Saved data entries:

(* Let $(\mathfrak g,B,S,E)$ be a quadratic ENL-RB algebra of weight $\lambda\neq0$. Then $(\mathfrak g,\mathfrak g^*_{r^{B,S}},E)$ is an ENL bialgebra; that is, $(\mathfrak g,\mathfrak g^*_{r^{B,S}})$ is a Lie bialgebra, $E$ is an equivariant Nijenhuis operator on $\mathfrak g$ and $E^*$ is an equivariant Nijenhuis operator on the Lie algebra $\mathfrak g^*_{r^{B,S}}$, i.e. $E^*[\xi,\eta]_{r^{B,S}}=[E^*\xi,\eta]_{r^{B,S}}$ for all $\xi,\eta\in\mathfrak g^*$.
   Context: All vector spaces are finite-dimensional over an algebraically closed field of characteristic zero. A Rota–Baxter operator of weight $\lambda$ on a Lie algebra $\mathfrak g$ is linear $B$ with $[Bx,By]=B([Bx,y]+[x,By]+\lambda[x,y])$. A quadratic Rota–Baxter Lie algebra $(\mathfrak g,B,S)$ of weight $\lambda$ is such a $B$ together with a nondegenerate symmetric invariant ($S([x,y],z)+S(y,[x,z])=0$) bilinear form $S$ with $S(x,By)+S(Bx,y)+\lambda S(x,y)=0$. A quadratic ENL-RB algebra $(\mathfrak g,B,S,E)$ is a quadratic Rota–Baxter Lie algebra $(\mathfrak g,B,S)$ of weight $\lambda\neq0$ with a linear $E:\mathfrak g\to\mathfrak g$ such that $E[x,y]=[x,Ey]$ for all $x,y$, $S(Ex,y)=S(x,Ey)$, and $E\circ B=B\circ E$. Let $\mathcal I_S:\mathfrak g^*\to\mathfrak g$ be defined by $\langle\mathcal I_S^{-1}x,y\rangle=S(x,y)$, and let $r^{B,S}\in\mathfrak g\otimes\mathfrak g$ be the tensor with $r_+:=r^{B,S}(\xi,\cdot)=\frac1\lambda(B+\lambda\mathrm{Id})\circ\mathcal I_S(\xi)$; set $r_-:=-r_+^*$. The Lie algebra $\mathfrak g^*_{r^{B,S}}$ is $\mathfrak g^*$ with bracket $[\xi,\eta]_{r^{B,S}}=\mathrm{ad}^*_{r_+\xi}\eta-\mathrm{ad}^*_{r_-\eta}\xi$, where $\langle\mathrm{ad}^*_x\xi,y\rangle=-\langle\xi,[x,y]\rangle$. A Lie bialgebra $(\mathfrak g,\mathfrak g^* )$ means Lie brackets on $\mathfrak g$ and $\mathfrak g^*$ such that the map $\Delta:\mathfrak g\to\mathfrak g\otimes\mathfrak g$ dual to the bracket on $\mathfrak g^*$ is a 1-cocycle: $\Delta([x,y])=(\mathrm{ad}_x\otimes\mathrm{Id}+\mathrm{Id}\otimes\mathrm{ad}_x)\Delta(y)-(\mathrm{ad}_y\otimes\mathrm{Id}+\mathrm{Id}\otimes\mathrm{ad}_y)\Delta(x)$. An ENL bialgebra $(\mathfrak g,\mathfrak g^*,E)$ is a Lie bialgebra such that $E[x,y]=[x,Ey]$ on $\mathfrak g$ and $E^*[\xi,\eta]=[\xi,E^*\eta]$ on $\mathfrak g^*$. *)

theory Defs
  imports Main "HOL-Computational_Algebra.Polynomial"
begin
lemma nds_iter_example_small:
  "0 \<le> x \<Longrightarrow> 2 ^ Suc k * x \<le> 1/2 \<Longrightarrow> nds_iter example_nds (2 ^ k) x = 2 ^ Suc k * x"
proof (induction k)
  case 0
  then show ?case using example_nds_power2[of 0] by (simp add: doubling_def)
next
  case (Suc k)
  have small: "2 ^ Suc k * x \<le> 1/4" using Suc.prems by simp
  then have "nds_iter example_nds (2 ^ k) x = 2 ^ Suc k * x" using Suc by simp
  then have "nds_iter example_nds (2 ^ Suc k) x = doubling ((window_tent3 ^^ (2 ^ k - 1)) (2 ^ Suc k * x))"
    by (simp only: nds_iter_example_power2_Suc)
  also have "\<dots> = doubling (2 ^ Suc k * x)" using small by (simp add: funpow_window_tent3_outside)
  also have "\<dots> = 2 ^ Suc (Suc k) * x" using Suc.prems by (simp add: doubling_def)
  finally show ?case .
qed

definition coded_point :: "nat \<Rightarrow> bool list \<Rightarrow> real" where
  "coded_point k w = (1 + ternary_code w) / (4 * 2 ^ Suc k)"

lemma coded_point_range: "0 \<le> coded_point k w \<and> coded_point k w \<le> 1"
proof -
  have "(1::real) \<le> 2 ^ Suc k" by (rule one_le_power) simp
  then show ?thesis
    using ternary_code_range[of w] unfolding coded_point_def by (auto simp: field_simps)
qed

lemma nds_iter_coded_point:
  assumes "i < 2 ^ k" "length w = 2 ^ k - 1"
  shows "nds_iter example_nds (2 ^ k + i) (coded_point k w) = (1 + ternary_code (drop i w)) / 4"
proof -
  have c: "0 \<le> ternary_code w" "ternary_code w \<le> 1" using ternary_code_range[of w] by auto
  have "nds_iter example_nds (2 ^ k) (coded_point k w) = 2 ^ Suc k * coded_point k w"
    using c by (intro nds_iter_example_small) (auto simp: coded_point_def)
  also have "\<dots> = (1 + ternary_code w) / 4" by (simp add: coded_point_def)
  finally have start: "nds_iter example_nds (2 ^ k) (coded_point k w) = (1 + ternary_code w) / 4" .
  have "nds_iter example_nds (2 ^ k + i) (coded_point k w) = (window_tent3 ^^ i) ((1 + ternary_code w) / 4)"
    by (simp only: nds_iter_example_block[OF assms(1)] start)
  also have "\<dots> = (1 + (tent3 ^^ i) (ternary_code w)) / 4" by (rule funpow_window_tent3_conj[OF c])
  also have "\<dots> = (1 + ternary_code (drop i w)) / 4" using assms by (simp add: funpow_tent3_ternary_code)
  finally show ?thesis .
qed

#### [Exercise]
From the records above, repeat exactly the lines from the one with "(simp add: funpow_window_tent3_outside)" through the one with "ternary_code w) / (4", both included.

#### [Answer below]
  also have "\<dots> = doubling (2 ^ Suc k * x)" using small by (simp add: funpow_window_tent3_outside)
  also have "\<dots> = 2 ^ Suc (Suc k) * x" using Suc.prems by (simp add: doubling_def)
  finally show ?case .
qed

definition coded_point :: "nat \<Rightarrow> bool list \<Rightarrow> real" where
  "coded_point k w = (1 + ternary_code w) / (4 * 2 ^ Suc k)"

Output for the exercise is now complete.